(* There exists a family of $T$-round DRACC instances whose corresponding Dd-MDPs do not admit a deterministic chasing oracle with chasing regret $o(T)$.
   Context: DRACC problem: $N$ resources, $T$ users arriving in rounds $t=1,\dots,T$. Resource $i$ is active in rounds $t_a(i)\le t\le t_e(i)$ with capacity $c(i)\in\mathbb{Z}_{>0}$ on arrival; $A_t$ is the set of active resources; $C\ge\max_ic(i)$, $W\ge\max_t|A_t|$. User $t$ has valuation $v_t:2^{A_t}\to[0,1)$, $v_t(\emptyset)=0$. Posting $\bm p\in(0,1]^{A_t}$ to user $t$ sells one unit of each resource in $\hat A^{\bm p}_t=\arg\max_{A\subseteq A_t}\{v_t(A)-\sum_{i\in A}\bm p(i)\}$ (lexicographic ties) at payment $\hat q^{\bm p}_t=\sum_{i\in\hat A^{\bm p}_t}\bm p(i)$; $v_t$ is revealed after posting. Inventory vectors $\bm\lambda_t\in\{0,\dots,C\}^{A_t}$: $\bm\lambda_t(i)=c(i)$ if $t_a(i)=t$; $\bm\lambda_{t+1}(i)=\bm\lambda_t(i)-\mathbb{1}[i\in\hat A^{\bm p_t}_t]$ for $i\in A_t\cap A_{t+1}$. $\bm p$ is feasible for $\bm\lambda$ if $\bm p(i)=1$ whenever $\bm\lambda(i)=0$. A pricing policy maps inventory vectors to feasible price vectors. Instance data are chosen by an adaptive adversary. Corresponding Dd-MDP: states are inventory vectors, feasible actions are feasible price vectors, reward $f_t(s,x)=\hat q^x_t$, transition $g_t(s,x)=s'$ with $s'(i)=s(i)-\mathbb{1}[i\in\hat A^x_t]$ for $i\in A_{t+1}\cap A_t$, $s'(i)=c(i)$ for $i\in A_{t+1}\setminus A_t$. Policy simulation: $s^\gamma_1=s_1$, $x^\gamma_t=\gamma(s^\gamma_t)$, $s^\gamma_{t+1}=g_t(s^\gamma_t,x^\gamma_t)$. Chasing oracle: given a target policy $\gamma$, it is invoked at some round $t_{\mathrm{init}}$ with an arbitrary initial state $s_{\mathrm{init}}$ and outputs, in each round $t\ge t_{\mathrm{init}}$ up to a halting round $t_{\mathrm{final}}$, an action $\hat x(t)$ feasible for $\hat s(t)$, where $\hat s(t_{\mathrm{init}})=s_{\mathrm{init}}$ and $\hat s(t)=g_{t-1}(\hat s(t-1),\hat x(t-1))$; after each round it observes $g_t,f_t$. Its chasing regret is $\sum_{t=t_{\mathrm{init}}}^{t_{\mathrm{final}}}f_t(s^\gamma_t,x^\gamma_t)-\sum_{t=t_{\mathrm{init}}}^{t_{\mathrm{final}}}\mathbb{E}[f_t(\hat s(t),\hat x(t))]$. It is deterministic if its outputs are deterministic functions of its inputs and observations. *)

theory Defs
  imports Complex_Main "HOL-Library.List_Lexorder"
begin

text \<open>Resources are 0,...,nres-1; rounds are 1,...,T.\<close>
record inst =
  nres :: nat
  ta   :: "nat \<Rightarrow> nat"
  te   :: "nat \<Rightarrow> nat"
  cap  :: "nat \<Rightarrow> nat"
  val  :: "nat \<Rightarrow> nat set \<Rightarrow> real"

definition act :: "inst \<Rightarrow> nat \<Rightarrow> nat set" where
  "act I t = {i. i < nres I \<and> ta I i \<le> t \<and> t \<le> te I i}"

definition valid_inst :: "nat \<Rightarrow> nat \<Rightarrow> nat \<Rightarrow> inst \<Rightarrow> bool" where
  "valid_inst C W T I \<longleftrightarrow>
     (\<forall>i < nres I. 1 \<le> ta I i \<and> ta I i \<le> te I i \<and> te I i \<le> T \<and> 0 < cap I i \<and> cap I i \<le> C)
   \<and> (\<forall>t \<in> {1..T}. card (act I t) \<le> W)
   \<and> (\<forall>t \<in> {1..T}. val I t {} = 0 \<and> (\<forall>A \<subseteq> act I t. 0 \<le> val I t A \<and> val I t A < 1))"

type_synonym state = "nat \<Rightarrow> nat option"   (* inventory vector with domain A_t *)
type_synonym price = "nat \<Rightarrow> real"

definition utility :: "inst \<Rightarrow> nat \<Rightarrow> price \<Rightarrow> nat set \<Rightarrow> real" where
  "utility I t p A = val I t A - (\<Sum>i\<in>A. p i)"

definition maxsets :: "inst \<Rightarrow> nat \<Rightarrow> price \<Rightarrow> nat set set" where
  "maxsets I t p = {A. A \<subseteq> act I t \<and> (\<forall>B. B \<subseteq> act I t \<longrightarrow> utility I t p B \<le> utility I t p A)}"

text \<open>Demanded bundle: utility maximiser, ties broken lexicographically.\<close>
definition sold :: "inst \<Rightarrow> nat \<Rightarrow> price \<Rightarrow> nat set" where
  "sold I t p = (ARG_MIN sorted_list_of_set A. A \<in> maxsets I t p)"

definition payment :: "inst \<Rightarrow> nat \<Rightarrow> price \<Rightarrow> real" where
  "payment I t p = (\<Sum>i\<in>sold I t p. p i)"

definition feasible :: "state \<Rightarrow> price \<Rightarrow> bool" where
  "feasible s p \<longleftrightarrow> (\<forall>i\<in>dom s. 0 < p i \<and> p i \<le> 1 \<and> (s i = Some 0 \<longrightarrow> p i = 1))"

definition target_policy :: "(state \<Rightarrow> price) \<Rightarrow> bool" where
  "target_policy \<gamma> \<longleftrightarrow> (\<forall>s. feasible s (\<gamma> s))"

definition valid_state :: "nat \<Rightarrow> inst \<Rightarrow> nat \<Rightarrow> state \<Rightarrow> bool" where
  "valid_state C I t s \<longleftrightarrow> dom s = act I t \<and> (\<forall>i n. s i = Some n \<longrightarrow> n \<le> C)"

definition rew :: "inst \<Rightarrow> nat \<Rightarrow> state \<Rightarrow> price \<Rightarrow> real" where
  "rew I t s x = payment I t x"

definition trans :: "inst \<Rightarrow> nat \<Rightarrow> state \<Rightarrow> price \<Rightarrow> state" where
  "trans I t s x = (\<lambda>i. if i \<in> act I (Suc t) then
       (if i \<in> act I t then map_option (\<lambda>n. n - (if i \<in> sold I t x then 1 else 0)) (s i)
        else Some (cap I i))
     else None)"

definition init_state :: "inst \<Rightarrow> state" where
  "init_state I = (\<lambda>i. if i \<in> act I 1 then Some (cap I i) else None)"

text \<open>Policy simulation: pstate I g k is the state s^g_{k+1}.\<close>
primrec pstate :: "inst \<Rightarrow> (state \<Rightarrow> price) \<Rightarrow> nat \<Rightarrow> state" where
  "pstate I \<gamma> 0 = init_state I"
| "pstate I \<gamma> (Suc k) = trans I (Suc k) (pstate I \<gamma> k) (\<gamma> (pstate I \<gamma> k))"

definition gstate :: "inst \<Rightarrow> (state \<Rightarrow> price) \<Rightarrow> nat \<Rightarrow> state" where
  "gstate I \<gamma> t = pstate I \<gamma> (t - 1)"

type_synonym obs = "(state \<Rightarrow> price \<Rightarrow> state) \<times> (state \<Rightarrow> price \<Rightarrow> real)"

text \<open>A deterministic chasing oracle: its output in round t is a function of the horizon T,
  the target policy, t_init, s_init and the observations (g_s, f_s) of rounds t_init..t-1.\<close>
type_synonym chaser = "nat \<Rightarrow> (state \<Rightarrow> price) \<Rightarrow> nat \<Rightarrow> state \<Rightarrow> obs list \<Rightarrow> price"

definition hist :: "inst \<Rightarrow> nat \<Rightarrow> nat \<Rightarrow> obs list" where
  "hist I t0 k = map (\<lambda>j. (trans I (t0 + j), rew I (t0 + j))) [0..<k]"

text \<open>ostate ... k is the oracle's state hat-s(t0+k).\<close>
primrec ostate :: "chaser \<Rightarrow> inst \<Rightarrow> nat \<Rightarrow> (state \<Rightarrow> price) \<Rightarrow> nat \<Rightarrow> state \<Rightarrow> nat \<Rightarrow> state" where
  "ostate Q I T \<gamma> t0 s0 0 = s0"
| "ostate Q I T \<gamma> t0 s0 (Suc k) =
     trans I (t0 + k) (ostate Q I T \<gamma> t0 s0 k) (Q T \<gamma> t0 s0 (hist I t0 k))"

• • •

*Task instructions*. Within the material above, output exactly the lines from the one with "text \<open>A deterministic" through the one with "t0 s0 (Suc k)", end lines included, and nothing besides.

*Solution for this exercise*.
text \<open>A deterministic chasing oracle: its output in round t is a function of the horizon T,
  the target policy, t_init, s_init and the observations (g_s, f_s) of rounds t_init..t-1.\<close>
type_synonym chaser = "nat \<Rightarrow> (state \<Rightarrow> price) \<Rightarrow> nat \<Rightarrow> state \<Rightarrow> obs list \<Rightarrow> price"

definition hist :: "inst \<Rightarrow> nat \<Rightarrow> nat \<Rightarrow> obs list" where
  "hist I t0 k = map (\<lambda>j. (trans I (t0 + j), rew I (t0 + j))) [0..<k]"

text \<open>ostate ... k is the oracle's state hat-s(t0+k).\<close>
primrec ostate :: "chaser \<Rightarrow> inst \<Rightarrow> nat \<Rightarrow> (state \<Rightarrow> price) \<Rightarrow> nat \<Rightarrow> state \<Rightarrow> nat \<Rightarrow> state" where
  "ostate Q I T \<gamma> t0 s0 0 = s0"
| "ostate Q I T \<gamma> t0 s0 (Suc k) =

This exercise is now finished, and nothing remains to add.